About this exercise: Go through the entries below and collect each line with the string "blast" in it.

:: Provided data ::

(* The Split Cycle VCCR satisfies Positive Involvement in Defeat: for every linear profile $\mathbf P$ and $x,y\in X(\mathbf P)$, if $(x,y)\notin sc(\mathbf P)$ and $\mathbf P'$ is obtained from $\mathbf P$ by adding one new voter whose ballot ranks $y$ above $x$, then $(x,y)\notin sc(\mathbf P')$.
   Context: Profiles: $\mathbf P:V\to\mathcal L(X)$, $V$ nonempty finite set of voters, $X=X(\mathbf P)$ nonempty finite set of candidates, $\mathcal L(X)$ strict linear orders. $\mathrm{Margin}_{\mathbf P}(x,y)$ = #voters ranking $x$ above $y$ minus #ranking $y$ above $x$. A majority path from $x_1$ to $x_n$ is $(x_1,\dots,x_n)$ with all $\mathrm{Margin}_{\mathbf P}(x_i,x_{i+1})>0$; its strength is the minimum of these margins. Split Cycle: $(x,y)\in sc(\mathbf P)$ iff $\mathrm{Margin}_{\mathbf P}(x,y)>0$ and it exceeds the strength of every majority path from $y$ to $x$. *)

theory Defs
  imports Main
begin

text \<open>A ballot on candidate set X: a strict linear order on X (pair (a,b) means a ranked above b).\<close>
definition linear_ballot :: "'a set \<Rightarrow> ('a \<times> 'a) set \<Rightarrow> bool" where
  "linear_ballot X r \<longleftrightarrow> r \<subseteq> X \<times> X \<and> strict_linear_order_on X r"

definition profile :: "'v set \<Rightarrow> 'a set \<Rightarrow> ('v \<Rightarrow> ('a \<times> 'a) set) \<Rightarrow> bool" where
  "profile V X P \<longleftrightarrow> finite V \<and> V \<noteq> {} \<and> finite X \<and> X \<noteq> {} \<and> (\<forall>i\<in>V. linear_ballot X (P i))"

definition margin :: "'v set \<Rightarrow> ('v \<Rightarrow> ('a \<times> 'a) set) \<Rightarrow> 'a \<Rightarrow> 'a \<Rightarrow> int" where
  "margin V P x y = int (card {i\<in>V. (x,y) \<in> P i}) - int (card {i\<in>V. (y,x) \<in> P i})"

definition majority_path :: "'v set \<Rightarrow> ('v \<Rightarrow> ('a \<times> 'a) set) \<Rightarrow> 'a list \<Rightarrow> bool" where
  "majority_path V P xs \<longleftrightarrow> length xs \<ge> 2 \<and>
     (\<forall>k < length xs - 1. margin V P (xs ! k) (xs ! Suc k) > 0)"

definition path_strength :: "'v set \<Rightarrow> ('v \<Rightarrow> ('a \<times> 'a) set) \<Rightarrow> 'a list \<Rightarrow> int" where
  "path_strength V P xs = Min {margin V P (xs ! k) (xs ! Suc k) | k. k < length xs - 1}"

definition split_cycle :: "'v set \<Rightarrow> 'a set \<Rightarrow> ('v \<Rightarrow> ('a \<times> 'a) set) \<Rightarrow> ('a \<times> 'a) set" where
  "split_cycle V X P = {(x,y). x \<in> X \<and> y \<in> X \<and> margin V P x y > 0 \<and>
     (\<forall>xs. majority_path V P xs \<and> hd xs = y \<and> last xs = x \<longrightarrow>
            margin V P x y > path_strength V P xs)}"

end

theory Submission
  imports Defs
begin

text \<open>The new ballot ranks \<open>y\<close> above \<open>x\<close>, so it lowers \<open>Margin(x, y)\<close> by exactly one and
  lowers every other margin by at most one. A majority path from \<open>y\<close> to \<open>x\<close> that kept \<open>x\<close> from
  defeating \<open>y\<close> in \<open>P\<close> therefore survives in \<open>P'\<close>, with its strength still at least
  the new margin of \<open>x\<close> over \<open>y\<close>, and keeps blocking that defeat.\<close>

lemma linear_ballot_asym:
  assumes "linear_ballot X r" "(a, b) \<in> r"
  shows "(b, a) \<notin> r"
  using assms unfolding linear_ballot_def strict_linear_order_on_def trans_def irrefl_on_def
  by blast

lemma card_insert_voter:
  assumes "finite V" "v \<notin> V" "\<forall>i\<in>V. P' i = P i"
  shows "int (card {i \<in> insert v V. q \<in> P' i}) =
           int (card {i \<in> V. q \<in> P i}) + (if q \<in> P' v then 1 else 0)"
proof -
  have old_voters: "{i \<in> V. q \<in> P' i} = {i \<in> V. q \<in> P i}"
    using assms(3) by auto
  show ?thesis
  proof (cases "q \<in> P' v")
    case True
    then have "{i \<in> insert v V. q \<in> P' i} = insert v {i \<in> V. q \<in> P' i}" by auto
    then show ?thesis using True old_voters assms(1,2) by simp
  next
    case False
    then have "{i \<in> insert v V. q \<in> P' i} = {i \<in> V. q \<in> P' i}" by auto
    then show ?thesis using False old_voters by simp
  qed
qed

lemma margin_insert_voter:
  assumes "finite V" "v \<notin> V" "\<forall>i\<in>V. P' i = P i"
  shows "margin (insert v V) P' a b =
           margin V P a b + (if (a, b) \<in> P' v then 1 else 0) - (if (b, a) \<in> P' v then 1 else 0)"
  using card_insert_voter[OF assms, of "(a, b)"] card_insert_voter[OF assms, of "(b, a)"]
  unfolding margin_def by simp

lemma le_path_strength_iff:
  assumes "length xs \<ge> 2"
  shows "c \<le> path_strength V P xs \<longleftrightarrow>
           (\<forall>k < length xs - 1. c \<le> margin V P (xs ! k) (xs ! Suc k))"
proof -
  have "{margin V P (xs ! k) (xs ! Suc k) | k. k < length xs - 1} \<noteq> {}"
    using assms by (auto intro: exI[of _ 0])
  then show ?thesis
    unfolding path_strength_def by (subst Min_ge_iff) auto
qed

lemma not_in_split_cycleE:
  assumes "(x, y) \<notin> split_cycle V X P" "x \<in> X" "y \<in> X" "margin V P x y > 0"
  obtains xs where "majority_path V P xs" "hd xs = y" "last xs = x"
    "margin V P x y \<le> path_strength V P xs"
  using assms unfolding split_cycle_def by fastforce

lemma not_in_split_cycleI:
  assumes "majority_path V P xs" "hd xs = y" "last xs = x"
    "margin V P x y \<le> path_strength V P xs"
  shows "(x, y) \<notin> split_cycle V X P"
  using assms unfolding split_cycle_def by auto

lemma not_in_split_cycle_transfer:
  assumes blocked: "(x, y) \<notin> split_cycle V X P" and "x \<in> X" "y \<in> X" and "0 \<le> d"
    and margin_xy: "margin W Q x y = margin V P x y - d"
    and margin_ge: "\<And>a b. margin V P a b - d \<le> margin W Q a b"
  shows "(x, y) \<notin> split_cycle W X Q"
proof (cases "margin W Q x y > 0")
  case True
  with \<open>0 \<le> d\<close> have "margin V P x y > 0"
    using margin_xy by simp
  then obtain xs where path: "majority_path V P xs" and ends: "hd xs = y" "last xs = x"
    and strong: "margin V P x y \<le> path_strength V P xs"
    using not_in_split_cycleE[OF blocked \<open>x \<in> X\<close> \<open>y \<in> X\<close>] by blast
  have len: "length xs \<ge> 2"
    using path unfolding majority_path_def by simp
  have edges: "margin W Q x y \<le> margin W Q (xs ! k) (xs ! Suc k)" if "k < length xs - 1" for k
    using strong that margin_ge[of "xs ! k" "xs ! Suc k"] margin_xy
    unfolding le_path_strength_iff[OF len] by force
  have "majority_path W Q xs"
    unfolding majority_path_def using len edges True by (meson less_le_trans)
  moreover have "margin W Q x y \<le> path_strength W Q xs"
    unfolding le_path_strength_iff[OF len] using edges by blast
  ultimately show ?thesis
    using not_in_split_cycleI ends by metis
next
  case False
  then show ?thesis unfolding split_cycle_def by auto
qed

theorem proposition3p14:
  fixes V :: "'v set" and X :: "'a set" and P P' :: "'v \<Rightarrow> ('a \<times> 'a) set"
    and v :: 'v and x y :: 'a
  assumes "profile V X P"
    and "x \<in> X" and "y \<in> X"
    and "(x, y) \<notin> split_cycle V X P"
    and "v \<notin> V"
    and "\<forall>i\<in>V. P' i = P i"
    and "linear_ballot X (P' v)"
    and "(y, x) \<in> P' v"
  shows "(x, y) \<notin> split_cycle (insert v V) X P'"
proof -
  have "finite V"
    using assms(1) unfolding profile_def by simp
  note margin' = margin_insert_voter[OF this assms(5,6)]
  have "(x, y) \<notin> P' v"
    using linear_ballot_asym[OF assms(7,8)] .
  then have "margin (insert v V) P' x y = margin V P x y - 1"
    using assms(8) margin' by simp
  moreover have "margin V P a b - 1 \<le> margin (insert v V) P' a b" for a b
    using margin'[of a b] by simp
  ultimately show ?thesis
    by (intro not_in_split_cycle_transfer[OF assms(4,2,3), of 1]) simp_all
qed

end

:::

Answer box:
  by blast
    using not_in_split_cycleE[OF blocked \<open>x \<in> X\<close> \<open>y \<in> X\<close>] by blast
    unfolding le_path_strength_iff[OF len] using edges by blast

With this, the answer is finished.